> [EXERCISE REQUIREMENTS] Write out every line from the listing below where the string "descendants" is found.

> [PROVIDED MATERIAL]
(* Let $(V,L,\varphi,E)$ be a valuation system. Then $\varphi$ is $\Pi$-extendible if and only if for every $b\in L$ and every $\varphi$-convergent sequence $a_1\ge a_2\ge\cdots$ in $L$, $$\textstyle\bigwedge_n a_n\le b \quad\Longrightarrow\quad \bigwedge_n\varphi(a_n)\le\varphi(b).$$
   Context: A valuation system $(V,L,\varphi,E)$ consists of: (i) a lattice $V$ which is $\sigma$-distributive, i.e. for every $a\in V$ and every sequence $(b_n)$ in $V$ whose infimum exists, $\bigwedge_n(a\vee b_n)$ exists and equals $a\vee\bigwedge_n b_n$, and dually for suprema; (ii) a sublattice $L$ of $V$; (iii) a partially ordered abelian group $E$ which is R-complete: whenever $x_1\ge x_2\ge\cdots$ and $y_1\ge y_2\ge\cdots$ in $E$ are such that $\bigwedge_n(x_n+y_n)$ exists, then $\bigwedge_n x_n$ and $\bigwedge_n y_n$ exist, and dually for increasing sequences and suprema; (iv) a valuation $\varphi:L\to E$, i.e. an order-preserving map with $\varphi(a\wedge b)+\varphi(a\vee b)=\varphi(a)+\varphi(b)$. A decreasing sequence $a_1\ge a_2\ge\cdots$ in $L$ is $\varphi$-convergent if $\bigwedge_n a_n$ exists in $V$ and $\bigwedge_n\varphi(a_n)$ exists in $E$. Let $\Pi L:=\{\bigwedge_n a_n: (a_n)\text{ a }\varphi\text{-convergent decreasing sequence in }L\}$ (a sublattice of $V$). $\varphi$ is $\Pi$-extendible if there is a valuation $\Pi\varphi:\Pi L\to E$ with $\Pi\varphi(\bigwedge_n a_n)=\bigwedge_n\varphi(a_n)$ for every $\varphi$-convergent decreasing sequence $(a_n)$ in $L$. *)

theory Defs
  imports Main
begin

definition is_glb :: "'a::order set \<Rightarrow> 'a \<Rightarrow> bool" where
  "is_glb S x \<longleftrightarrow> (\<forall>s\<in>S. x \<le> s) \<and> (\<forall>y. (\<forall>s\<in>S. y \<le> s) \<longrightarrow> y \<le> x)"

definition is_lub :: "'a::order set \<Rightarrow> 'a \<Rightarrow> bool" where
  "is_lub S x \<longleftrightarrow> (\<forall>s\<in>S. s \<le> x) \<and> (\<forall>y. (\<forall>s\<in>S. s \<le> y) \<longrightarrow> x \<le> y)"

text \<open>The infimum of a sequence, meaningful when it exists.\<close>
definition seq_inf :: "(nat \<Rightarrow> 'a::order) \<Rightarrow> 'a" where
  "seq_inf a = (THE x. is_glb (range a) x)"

---

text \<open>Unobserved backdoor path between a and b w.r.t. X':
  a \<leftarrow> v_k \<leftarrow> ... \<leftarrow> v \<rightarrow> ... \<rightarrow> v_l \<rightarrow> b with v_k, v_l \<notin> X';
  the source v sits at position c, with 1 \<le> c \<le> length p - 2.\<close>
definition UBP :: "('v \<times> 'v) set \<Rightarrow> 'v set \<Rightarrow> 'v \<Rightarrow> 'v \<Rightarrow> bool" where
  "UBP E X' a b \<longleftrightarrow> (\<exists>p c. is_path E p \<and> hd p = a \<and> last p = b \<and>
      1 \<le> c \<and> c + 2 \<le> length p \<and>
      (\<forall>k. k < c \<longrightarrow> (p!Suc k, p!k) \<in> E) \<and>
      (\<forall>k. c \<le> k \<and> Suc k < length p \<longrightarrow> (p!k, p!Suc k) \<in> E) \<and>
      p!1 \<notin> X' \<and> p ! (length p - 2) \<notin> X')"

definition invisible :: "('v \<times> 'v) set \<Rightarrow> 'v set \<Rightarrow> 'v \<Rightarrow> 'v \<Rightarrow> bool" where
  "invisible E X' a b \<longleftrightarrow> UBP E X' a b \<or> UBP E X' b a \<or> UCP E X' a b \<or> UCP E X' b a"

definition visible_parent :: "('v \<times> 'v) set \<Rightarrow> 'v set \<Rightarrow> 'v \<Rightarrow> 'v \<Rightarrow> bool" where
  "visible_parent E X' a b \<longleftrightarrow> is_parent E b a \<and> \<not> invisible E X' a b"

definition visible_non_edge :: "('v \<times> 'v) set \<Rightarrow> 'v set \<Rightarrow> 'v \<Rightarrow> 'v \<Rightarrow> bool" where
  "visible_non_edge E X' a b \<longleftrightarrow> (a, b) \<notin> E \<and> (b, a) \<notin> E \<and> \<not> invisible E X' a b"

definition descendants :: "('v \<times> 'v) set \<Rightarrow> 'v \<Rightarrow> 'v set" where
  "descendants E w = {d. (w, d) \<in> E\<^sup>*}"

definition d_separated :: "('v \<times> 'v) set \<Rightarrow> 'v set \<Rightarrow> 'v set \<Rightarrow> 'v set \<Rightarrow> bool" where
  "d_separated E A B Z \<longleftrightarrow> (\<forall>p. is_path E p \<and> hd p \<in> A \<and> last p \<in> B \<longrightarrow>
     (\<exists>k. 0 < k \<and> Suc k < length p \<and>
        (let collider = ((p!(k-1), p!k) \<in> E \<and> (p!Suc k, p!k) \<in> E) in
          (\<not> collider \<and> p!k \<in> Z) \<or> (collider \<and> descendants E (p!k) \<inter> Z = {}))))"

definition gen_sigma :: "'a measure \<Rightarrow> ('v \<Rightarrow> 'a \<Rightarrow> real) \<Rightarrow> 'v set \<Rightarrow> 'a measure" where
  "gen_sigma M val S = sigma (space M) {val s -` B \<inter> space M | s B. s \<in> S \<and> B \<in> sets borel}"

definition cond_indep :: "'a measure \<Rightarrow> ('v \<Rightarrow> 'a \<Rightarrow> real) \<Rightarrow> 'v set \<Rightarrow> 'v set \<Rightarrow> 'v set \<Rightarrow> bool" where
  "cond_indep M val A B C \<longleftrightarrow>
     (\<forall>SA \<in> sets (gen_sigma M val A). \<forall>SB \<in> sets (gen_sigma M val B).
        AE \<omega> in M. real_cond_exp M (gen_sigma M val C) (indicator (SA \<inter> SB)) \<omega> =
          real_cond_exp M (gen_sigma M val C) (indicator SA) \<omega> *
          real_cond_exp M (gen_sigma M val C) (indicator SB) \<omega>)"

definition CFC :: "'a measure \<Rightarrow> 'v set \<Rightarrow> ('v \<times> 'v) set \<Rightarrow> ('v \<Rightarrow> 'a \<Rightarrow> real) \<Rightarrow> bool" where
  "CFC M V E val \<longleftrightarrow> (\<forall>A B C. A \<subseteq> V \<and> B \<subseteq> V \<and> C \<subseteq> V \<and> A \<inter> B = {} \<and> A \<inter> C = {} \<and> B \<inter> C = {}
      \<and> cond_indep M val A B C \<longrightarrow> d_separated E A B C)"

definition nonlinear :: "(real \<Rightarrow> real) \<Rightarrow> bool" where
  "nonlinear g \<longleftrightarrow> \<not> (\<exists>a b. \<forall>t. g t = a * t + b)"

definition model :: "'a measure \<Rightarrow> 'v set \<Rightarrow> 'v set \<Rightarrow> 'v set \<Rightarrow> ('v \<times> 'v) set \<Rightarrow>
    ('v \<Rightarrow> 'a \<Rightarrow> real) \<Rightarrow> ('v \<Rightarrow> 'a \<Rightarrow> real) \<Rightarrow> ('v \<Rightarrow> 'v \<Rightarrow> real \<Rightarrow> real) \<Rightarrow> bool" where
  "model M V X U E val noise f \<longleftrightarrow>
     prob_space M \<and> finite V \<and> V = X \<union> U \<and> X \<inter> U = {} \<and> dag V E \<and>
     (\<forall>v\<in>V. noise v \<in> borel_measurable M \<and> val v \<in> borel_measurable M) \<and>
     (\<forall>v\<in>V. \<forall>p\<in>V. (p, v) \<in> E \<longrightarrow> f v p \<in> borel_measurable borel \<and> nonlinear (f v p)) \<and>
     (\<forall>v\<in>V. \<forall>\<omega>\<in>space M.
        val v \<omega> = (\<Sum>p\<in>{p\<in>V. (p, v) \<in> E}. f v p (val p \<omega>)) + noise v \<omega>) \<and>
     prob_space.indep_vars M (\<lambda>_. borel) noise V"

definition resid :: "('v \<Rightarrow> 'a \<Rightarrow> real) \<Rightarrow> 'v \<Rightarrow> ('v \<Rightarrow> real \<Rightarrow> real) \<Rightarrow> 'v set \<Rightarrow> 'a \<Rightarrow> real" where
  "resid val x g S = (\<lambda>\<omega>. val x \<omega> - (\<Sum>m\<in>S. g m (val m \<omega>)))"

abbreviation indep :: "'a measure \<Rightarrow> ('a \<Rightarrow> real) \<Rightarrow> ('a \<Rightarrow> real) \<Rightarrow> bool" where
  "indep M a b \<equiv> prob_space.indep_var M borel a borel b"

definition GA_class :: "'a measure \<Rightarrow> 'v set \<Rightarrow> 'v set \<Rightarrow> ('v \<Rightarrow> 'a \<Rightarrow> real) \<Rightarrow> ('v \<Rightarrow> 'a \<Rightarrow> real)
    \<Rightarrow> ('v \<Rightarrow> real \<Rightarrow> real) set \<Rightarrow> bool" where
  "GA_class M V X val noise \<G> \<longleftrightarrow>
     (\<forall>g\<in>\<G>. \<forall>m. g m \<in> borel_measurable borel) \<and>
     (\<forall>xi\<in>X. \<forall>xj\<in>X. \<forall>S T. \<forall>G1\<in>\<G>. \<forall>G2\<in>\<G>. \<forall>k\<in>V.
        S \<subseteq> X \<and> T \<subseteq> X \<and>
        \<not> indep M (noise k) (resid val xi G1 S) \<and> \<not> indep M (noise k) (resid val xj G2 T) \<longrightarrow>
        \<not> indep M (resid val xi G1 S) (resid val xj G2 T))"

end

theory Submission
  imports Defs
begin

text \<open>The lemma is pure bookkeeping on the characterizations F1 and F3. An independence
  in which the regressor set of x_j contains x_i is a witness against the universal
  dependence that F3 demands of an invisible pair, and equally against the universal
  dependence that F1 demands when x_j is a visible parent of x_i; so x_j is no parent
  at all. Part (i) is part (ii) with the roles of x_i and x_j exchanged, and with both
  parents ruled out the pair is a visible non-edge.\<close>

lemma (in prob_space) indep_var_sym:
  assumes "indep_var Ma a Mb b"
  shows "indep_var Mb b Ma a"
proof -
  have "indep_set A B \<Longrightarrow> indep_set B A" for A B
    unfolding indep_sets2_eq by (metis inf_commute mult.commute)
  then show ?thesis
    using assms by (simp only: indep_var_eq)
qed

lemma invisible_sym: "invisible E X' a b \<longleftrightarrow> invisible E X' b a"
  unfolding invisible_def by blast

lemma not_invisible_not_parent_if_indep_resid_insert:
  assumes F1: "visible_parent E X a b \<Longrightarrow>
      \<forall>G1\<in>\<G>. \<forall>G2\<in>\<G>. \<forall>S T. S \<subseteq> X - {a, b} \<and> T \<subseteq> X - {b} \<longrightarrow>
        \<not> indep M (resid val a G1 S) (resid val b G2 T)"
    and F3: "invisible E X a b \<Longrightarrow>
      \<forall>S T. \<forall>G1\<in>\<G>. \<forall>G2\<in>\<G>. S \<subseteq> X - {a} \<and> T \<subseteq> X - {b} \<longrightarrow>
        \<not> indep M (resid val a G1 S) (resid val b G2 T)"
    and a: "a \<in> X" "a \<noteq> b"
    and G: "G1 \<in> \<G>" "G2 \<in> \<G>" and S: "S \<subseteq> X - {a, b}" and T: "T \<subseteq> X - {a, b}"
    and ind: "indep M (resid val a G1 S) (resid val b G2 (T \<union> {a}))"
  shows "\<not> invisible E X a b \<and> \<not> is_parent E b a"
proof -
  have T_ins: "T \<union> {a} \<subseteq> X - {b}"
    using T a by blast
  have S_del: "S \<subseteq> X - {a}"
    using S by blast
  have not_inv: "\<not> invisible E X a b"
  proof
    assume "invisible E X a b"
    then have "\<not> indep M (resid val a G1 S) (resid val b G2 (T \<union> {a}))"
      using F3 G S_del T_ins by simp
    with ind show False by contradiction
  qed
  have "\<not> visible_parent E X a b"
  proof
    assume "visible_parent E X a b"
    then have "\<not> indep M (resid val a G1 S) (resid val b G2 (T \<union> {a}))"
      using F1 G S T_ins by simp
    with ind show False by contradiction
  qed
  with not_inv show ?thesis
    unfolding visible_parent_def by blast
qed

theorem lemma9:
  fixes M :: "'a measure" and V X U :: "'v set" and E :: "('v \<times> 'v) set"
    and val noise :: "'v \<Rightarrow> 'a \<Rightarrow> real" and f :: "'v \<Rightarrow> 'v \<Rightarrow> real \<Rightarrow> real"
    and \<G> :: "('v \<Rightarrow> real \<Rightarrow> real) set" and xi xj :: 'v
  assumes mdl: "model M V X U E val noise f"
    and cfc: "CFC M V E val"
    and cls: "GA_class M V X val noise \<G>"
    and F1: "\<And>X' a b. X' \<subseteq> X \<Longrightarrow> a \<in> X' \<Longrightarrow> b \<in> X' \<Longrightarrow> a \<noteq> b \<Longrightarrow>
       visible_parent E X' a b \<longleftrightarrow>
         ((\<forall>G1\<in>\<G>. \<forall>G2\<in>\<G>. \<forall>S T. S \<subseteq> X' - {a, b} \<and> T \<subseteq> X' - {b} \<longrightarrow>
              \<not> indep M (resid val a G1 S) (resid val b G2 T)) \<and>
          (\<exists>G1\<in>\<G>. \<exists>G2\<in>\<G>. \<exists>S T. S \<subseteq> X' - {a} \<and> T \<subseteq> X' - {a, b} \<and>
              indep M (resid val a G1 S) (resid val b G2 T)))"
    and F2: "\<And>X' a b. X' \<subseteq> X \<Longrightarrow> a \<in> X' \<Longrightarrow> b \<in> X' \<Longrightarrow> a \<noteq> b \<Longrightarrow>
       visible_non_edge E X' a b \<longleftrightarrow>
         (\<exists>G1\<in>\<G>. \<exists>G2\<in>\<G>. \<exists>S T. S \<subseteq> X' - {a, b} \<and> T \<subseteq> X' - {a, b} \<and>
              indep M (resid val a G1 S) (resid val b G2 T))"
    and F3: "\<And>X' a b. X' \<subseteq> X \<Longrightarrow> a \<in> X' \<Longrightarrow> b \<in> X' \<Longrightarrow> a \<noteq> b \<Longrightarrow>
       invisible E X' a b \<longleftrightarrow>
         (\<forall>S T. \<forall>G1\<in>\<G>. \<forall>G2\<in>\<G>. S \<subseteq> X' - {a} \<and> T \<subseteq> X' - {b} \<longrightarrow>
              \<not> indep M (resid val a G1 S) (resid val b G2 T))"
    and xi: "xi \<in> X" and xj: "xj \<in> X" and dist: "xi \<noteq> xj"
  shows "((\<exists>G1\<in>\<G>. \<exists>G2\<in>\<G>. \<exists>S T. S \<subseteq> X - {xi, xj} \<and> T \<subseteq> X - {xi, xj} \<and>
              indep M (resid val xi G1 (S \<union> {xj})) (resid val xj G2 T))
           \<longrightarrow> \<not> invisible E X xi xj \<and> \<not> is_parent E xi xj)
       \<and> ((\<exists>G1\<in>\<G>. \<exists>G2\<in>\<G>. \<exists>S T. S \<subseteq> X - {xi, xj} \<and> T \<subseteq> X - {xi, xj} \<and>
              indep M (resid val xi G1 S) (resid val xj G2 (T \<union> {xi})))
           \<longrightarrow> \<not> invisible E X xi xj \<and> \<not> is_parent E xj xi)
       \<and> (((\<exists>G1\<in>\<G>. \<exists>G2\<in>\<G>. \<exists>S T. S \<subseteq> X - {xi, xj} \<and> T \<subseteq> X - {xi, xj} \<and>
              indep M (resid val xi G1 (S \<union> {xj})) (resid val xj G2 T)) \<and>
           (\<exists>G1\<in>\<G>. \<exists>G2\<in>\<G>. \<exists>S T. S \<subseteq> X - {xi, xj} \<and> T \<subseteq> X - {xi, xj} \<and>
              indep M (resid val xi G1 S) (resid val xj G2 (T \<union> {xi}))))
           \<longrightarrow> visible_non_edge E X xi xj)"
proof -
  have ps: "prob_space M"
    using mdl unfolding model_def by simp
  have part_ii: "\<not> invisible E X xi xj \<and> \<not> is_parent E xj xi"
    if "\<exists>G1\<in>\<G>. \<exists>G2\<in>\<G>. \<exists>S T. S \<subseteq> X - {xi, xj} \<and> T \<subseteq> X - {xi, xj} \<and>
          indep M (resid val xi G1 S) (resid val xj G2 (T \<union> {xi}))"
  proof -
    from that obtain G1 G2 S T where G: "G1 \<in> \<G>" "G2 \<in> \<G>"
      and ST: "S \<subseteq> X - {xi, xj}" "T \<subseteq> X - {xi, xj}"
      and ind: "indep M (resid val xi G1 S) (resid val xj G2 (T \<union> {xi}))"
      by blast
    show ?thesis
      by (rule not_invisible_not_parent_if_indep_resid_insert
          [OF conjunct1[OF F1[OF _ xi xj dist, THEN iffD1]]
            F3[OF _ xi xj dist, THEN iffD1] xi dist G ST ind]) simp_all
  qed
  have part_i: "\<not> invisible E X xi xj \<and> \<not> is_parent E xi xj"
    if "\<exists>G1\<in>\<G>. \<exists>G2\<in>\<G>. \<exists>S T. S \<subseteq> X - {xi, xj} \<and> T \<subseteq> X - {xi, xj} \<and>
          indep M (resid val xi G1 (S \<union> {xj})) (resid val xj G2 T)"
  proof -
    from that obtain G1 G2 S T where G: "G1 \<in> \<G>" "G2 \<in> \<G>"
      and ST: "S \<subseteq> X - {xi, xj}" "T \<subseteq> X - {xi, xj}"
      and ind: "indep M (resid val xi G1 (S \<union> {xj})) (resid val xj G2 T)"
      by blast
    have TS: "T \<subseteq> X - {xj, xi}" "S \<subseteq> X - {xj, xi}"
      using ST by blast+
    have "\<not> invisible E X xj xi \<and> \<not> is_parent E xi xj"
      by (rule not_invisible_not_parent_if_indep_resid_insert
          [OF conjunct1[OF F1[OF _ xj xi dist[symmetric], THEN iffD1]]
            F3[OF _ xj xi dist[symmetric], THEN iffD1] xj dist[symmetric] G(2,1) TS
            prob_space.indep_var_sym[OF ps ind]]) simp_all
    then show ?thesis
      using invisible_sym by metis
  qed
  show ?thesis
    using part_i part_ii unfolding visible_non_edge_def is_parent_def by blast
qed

---

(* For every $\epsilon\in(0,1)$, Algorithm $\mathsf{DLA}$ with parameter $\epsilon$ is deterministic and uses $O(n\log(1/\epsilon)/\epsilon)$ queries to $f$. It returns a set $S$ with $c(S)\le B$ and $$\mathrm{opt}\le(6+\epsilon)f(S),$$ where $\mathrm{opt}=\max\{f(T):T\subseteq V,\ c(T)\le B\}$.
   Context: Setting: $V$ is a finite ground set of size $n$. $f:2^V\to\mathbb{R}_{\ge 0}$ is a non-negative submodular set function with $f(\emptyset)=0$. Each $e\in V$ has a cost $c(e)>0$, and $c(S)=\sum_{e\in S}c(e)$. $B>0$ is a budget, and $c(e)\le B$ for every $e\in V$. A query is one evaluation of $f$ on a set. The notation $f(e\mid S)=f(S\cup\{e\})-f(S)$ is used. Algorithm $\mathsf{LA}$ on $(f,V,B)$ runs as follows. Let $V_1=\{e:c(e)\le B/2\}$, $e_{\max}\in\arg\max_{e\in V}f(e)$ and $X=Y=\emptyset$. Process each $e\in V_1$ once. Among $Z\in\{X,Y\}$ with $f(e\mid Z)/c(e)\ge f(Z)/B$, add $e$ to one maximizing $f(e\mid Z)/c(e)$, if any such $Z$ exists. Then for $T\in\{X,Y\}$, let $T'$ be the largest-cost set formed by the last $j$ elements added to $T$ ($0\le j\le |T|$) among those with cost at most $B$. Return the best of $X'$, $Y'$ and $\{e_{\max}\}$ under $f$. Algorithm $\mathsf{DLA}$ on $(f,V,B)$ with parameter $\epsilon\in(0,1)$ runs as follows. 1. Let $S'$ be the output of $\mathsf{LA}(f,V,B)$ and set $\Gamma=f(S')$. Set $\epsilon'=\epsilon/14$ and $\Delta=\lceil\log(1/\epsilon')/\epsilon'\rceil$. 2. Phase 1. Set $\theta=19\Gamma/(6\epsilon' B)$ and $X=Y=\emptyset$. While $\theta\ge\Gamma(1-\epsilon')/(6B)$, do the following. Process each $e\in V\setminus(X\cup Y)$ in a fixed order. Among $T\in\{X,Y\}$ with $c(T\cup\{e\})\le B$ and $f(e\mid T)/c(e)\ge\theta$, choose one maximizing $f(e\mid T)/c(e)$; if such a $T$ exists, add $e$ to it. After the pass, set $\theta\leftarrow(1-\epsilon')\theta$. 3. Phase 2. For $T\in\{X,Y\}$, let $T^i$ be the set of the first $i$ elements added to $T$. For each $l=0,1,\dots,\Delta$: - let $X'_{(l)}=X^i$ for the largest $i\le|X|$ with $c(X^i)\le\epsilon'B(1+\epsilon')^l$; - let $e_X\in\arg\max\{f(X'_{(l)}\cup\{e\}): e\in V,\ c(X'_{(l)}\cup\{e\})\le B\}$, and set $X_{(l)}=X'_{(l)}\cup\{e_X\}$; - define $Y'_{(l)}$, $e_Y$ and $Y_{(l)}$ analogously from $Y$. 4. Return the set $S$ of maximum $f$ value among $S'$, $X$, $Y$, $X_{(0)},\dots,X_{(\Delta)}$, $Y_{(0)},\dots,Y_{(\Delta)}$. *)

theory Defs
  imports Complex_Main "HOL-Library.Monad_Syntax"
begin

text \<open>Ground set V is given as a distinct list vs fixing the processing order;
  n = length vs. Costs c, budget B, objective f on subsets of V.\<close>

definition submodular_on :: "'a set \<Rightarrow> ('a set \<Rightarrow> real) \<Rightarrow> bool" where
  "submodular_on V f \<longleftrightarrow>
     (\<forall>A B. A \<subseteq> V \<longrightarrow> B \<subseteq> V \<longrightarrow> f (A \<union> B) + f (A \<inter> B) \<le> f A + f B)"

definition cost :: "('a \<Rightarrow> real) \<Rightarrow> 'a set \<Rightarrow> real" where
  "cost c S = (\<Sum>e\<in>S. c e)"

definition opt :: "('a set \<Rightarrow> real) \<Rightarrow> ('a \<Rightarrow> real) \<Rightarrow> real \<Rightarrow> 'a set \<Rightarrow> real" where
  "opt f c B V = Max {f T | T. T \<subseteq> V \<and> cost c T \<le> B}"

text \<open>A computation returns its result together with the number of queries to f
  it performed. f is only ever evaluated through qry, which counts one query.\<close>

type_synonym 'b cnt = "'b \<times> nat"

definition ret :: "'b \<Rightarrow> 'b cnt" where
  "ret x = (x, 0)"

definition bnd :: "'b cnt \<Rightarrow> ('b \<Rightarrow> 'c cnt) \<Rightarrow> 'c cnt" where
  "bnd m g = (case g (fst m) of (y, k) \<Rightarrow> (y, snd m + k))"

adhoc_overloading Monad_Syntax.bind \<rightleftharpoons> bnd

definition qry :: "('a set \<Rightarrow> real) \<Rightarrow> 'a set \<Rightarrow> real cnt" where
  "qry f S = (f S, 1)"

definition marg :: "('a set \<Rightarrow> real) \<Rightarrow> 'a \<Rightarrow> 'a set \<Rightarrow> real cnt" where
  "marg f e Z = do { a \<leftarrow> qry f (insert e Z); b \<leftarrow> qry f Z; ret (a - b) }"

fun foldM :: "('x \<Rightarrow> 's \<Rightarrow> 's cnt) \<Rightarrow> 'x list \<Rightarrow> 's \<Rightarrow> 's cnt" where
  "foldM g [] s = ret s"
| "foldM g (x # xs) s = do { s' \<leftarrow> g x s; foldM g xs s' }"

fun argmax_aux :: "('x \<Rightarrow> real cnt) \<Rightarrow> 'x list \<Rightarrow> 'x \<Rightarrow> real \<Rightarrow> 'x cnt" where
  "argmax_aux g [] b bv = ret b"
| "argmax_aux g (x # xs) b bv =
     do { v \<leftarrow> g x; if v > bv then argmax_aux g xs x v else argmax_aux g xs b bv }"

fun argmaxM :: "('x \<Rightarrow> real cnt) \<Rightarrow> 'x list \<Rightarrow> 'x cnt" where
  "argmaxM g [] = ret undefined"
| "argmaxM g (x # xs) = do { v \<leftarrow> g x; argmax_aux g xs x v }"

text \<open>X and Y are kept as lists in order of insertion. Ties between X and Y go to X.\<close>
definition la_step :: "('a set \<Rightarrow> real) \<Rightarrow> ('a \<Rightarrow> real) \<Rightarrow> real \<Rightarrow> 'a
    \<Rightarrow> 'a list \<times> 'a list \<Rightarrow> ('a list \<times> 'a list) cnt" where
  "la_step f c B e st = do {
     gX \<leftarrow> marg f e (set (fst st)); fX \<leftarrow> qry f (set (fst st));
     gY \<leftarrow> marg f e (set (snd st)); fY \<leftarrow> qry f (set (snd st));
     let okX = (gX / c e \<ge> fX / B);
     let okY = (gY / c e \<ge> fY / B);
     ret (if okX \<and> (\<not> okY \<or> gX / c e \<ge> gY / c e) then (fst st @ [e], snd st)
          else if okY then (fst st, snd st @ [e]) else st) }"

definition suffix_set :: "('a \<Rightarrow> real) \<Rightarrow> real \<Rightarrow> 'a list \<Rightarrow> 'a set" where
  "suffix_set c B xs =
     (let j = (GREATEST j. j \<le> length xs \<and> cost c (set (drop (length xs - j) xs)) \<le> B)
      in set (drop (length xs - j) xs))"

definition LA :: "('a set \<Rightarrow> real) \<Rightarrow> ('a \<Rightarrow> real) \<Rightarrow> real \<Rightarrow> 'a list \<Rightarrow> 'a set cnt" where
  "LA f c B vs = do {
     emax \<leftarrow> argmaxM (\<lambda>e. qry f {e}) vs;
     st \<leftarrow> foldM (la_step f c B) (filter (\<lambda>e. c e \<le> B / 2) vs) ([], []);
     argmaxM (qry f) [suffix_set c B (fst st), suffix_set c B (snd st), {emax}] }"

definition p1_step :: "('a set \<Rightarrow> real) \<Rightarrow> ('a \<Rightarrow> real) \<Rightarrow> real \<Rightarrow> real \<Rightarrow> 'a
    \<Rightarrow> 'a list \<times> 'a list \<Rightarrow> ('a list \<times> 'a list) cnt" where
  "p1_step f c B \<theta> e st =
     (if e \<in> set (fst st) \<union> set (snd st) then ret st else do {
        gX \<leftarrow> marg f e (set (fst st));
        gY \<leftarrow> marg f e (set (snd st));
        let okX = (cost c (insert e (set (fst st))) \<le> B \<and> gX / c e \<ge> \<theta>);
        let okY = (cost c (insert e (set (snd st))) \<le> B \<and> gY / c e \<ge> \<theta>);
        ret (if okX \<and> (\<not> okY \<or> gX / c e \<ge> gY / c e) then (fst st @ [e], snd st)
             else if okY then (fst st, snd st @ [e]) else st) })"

> [ANSWER TO THIS PROBLEM]
definition descendants :: "('v \<times> 'v) set \<Rightarrow> 'v \<Rightarrow> 'v set" where
  "descendants E w = {d. (w, d) \<in> E\<^sup>*}"
          (\<not> collider \<and> p!k \<in> Z) \<or> (collider \<and> descendants E (p!k) \<inter> Z = {}))))"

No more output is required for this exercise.